Çok daha güçlü ayağa kalkmak için: Psikolojik zorlukların hediyeleri

İnsan olmanın gereği, hepimiz hayatımızın belirli dönemlerinde zorluklar yaşıyoruz. Herkesin kendi hayatının çizgisine ve kendi kişiliğine göre değişebilen bu zorlukların ortak özelliği, her insanın hayatında öyle ya da böyle bir şekilde gerçekleşmesi.

İnsansanız ve bu gezegende bir süredir nefes alıp veriyorsanız; birtakım zorluklar yaşamış, gelecekle birlikte birtakım zorluklara da maruz kalacaksınız demektir. Bunları duymak, bilmek, ayırdına varmak çoğumuzun zoruna gidiyor. “Ne yani bu dünyaya acı çekmeye mi geldim? Hayat hep zor mu olacak?” diye düşünüyor olabilirsiniz. Aslında durum tam olarak da öyle değil, evet hayat zorluklarla dolu ancak hayat tamamen zorluklardan ibaret değil. Acısını da tatlısını da içinde barındırarak bize bir bütünün içinde yaşamanın güzelliklerini gösteriyor hayat.

Güzelliklerin yanında zorluklar olması tıpkı geceyle gündüzün bir günü oluşturması gibi hayatımızı oluşturuyor. Hayatta zorlulukların olması belki hayatın bir kuralı, ancak sürekli acı çekiyor halde olmak bir noktada bizim tutumumuza bağlı. Zorluklara direnmek, zorluklardan kaçınmak ya da zorluklara tamamen teslim olmak aslında ıstırap çekmemize sebep olan şey. Hayatta zorlukların olması sandığımız kadar da negatif değil aslında.

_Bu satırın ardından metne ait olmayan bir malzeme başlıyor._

theorem mainTheorem16:
  fixes G :: "('a, 'b) monoid_scheme" and D :: "'a set"
    and v k lam mu :: nat and s :: int and p l :: nat and h :: 'a
  assumes "group G" and "finite (carrier G)"
    and "is_regular_PDS G D v k lam mu"
    and "0 < mu" and "mu < k"
    and "s \<ge> 0" and "s^2 = pds_Delta k lam mu"
    and "prime p" and "int p dvd s"
    and "int p ^ l dvd s" and "\<not> int p ^ (l + 1) dvd s"
    and "h \<in> carrier G"
  shows "(h \<noteq> \<one>\<^bsub>G\<^esub> \<and> \<not> p ^ l dvd card (centralizer G h) \<longrightarrow>
           [int (card (conj_class G h \<inter> D) * card (centralizer G h))
              = int k - pds_theta2 lam mu s] (mod int p ^ l))
       \<and> (h = \<one>\<^bsub>G\<^esub> \<longrightarrow>
           [int (card (conj_class G h \<inter> D) * card (centralizer G h))
              = int k + pds_theta2 lam mu s * (int (card (carrier G)) - 1)] (mod int p ^ l))"
proof -
  \<comment> \<open>The congruences hold modulo s itself; of the hypotheses on mu, s, p, l and the
    centralizer only mu < k (making s nonzero), the value of s^2 and p^l dvd s are used.\<close>
  interpret regular_pds G D v k lam mu
    using assms(1-3)
    by (simp add: regular_pds_def regular_pds_axioms_def finite_group_def finite_group_axioms_def)
  have "0 < pds_Delta k lam mu"
    unfolding pds_Delta_def using assms(5) by (intro add_nonneg_pos) simp_all
  then have "s \<noteq> 0"
    using assms(7) by auto
  have "s dvd int (card {x \<in> carrier G. x \<otimes>\<^bsub>G\<^esub> h \<otimes>\<^bsub>G\<^esub> inv\<^bsub>G\<^esub> x \<in> D})
      - pds_theta2 lam mu s * int (card (carrier G)) * of_bool (h = \<one>\<^bsub>G\<^esub>)
      - (int k - pds_theta2 lam mu s)"
    using pds_theta2_double[OF assms(7)]
    by (intro dvd_conj_count pds_theta2_root[OF assms(7)] \<open>s \<noteq> 0\<close> assms(12)) simp
  then have "int p ^ l dvd int (card (conj_class G h \<inter> D) * card (centralizer G h))
      - pds_theta2 lam mu s * int (card (carrier G)) * of_bool (h = \<one>\<^bsub>G\<^esub>)
      - (int k - pds_theta2 lam mu s)"
    using assms(10) card_conj_mem_eq[OF assms(12)] by (metis dvd_trans)
  then show ?thesis
    by (auto simp: cong_iff_dvd_diff algebra_simps)
qed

Varoluşsal psikolojide ve diğer birçok psikoterapi ekolünde, acıların ve zorlukların insanı büyüttüğüne ve geliştirdiğine inanılır. İnsanın konfor alanı dışında geliştiği, büyüdüğü günümüzde sık sık değinilen bir konu. Ve konfor alanının dışında büyümek de aslında zorluklarla birlikte büyümekten doğan bir bakış açısı. Eğer sürekli olarak konfor alanınızda, rahat bir şekilde yaşarsanız sürekli olarak rahat bir şekilde yaşarsınız, fakat hayatınızda ne bir yenilik, ne bir gelişim, ne de bir değişim olur. Değişim, ancak değişik bir şeyler yapmayla, belirli durumların değişmesiyle oluşur. Böylelikle de aslında zorluklar bizim büyümemize, gelişmemize katkıda bulunurlar. Zorluklar nedeniyle sürekli acı çekmemek için, zorluklara kabullenici bir yaklaşım geliştirmek ve o zorluğun bize hayata dair öğretmeye çalıştıklarına açık olmak, zorluklar nedeniyle ıstırap çekmekten ziyade, zorluklarla birlikte yürümeyi öğretir bize.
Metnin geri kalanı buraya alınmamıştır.